We’re uninterested in funding outsider interpretations. Dramatic work written from guesses or “wouldn’t that one line be funny.” Hacker thrillers. Cautionary tales on social media. If you have to make anything up, related to the core characters and story, without it being grounded in true life experience and observation, we are uninterested. Please do not submit your script.
Good scripts will/may have:
details that are too specific to have been invented
scenes included because they really happened, rather than just being dramatically effective
characters only people in tech would recognize immediately
locations that are too specific to the world that they had to have come from lived memory
some core unresolved question the filmmaker wants to answer
interior stakes that are too specific to have been invented
dialog rhythm that is too specific to have been invented, it had to have been heard
basically, a lot of things that are too specific to have been invented
If you have a script like this, we want to read it.
The Fund
Creative talent with the interiority to tell these stories exists, but no capital structure, void of private interest, has formed around them to take their craft and the stories they hold in their heads seriously. To take storytelling as a career seriously.
This fund is that missing structure. To greenlight stories that need to get made right now. To create structure around what is right now a nascent commercial filmmaking scene.
We are not a startup with a product we need to market. We are not a venture capital firm. We have no portfolio. We have no favorites. Having a product is fine. Having a portfolio is fine.
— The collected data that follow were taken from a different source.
(* Let $A=A(u,v)$ be a $\mathbb{C}^k$-valued formal power series mapping, $u,v\in \mathbb{C}^k$, satisfying $\det A_u(u,v)\not\equiv 0$ and $A(0,v)\equiv 0$. Assume that $\mathrm{ord}_u\left(\det A_u(u,v)\right)\leq \nu$ for some nonnegative integer $\nu$. Then for every nonnegative integer $r$ and every formal power series $\psi (t,v)\in \mathbb{C}[[t,v]]$, $t\in \mathbb{C}^k$, if $\mathrm{ord}_u\left(\psi (A(u,v),v)\right) > r(\nu +1)$, then $\mathrm{ord}_t\, \psi (t,v)> r$.
   Context: For $S(x,x')\in\mathbb{C}[[x,x']]$, $\mathrm{ord}_x S$ denotes the order of $S$ viewed as a power series in $x$ with coefficients in $\mathbb{C}[[x']]$ (i.e. the smallest total degree in $x$ of a nonzero term; $+\infty$ if $S=0$). $A_u$ denotes the Jacobian matrix of $A$ with respect to $u$. *)

theory Defs
  imports Complex_Main "HOL-Library.Extended_Nat" "HOL-Combinatorics.Permutations"
begin

text \<open>Formal power series in u = (u_i), v = (v_i), i ranging over a finite type 'n
  (so k = CARD('n)). f alpha beta is the coefficient of u^alpha v^beta.\<close>
type_synonym 'n fps2 = "('n \<Rightarrow> nat) \<Rightarrow> ('n \<Rightarrow> nat) \<Rightarrow> complex"

definition mdeg :: "('n::finite \<Rightarrow> nat) \<Rightarrow> nat" where
  "mdeg \<alpha> = (\<Sum>i\<in>UNIV. \<alpha> i)"

text \<open>Order in the first block of variables (u, resp. t); infinity for the zero series.\<close>
definition ord_u :: "'n::finite fps2 \<Rightarrow> enat" where
  "ord_u f = (INF \<alpha> \<in> {\<alpha>. \<exists>\<beta>. f \<alpha> \<beta> \<noteq> 0}. enat (mdeg \<alpha>))"

text \<open>Coefficient of u^gamma v^eps in the product of the finitely many series F i, i in S.\<close>
definition prodcoeff :: "'i set \<Rightarrow> ('i \<Rightarrow> 'n::finite fps2) \<Rightarrow> 'n fps2" where
  "prodcoeff S F \<gamma> \<epsilon> =
     (\<Sum>m \<in> {m \<in> PiE S (\<lambda>_. {a. a \<le> \<gamma>} \<times> {b. b \<le> \<epsilon>}).
               (\<lambda>k. \<Sum>i\<in>S. fst (m i) k) = \<gamma> \<and> (\<lambda>k. \<Sum>i\<in>S. snd (m i) k) = \<epsilon>}.
        \<Prod>i\<in>S. F i (fst (m i)) (snd (m i)))"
But because all of these interests rarely align in the best interest of broader culture, a neutral institution needs to exist.
We simply look at gaps in the technology industry’s storytelling, and aim to fill them with truth. That’s it.
The Grant
$15,000. Awarded to 1 filmmaker to make 1 short film.
on budget
You don’t need a big budget when you have something true to say, and the craft to say it well. Medicine for Melancholy (2008) was made by Barry Jenkins on $15k (~23k today). 2 characters, handheld, San Francisco as backdrop. Through the rawness of the performances, you could still sense something very true being said, and you could clearly sense an early & powerful directorial voice in his shot grammar. Constraint can create great things.
Submission
You know if this is you. You’ve known since the first paragraph. You have a story that couldn’t have been written by anyone else. We’re building this fund for you.
Send your script to scripts@svfilm.fund. I will review every script submitted.
on submitting
Include (1) your script as a PDF, (2) a short note on who you are and why you’re the one to tell this story — one paragraph, no formal cover letter needed — and (3) any previous work if it exists. Previous work is optional. The script and the note are not.
Submissions close June 10. I will read every script. I can’t reply to every submission, but if your script is the one, you’ll hear from me. All submissions are subject to a standard submission release agreement, which you’ll complete before I read your script.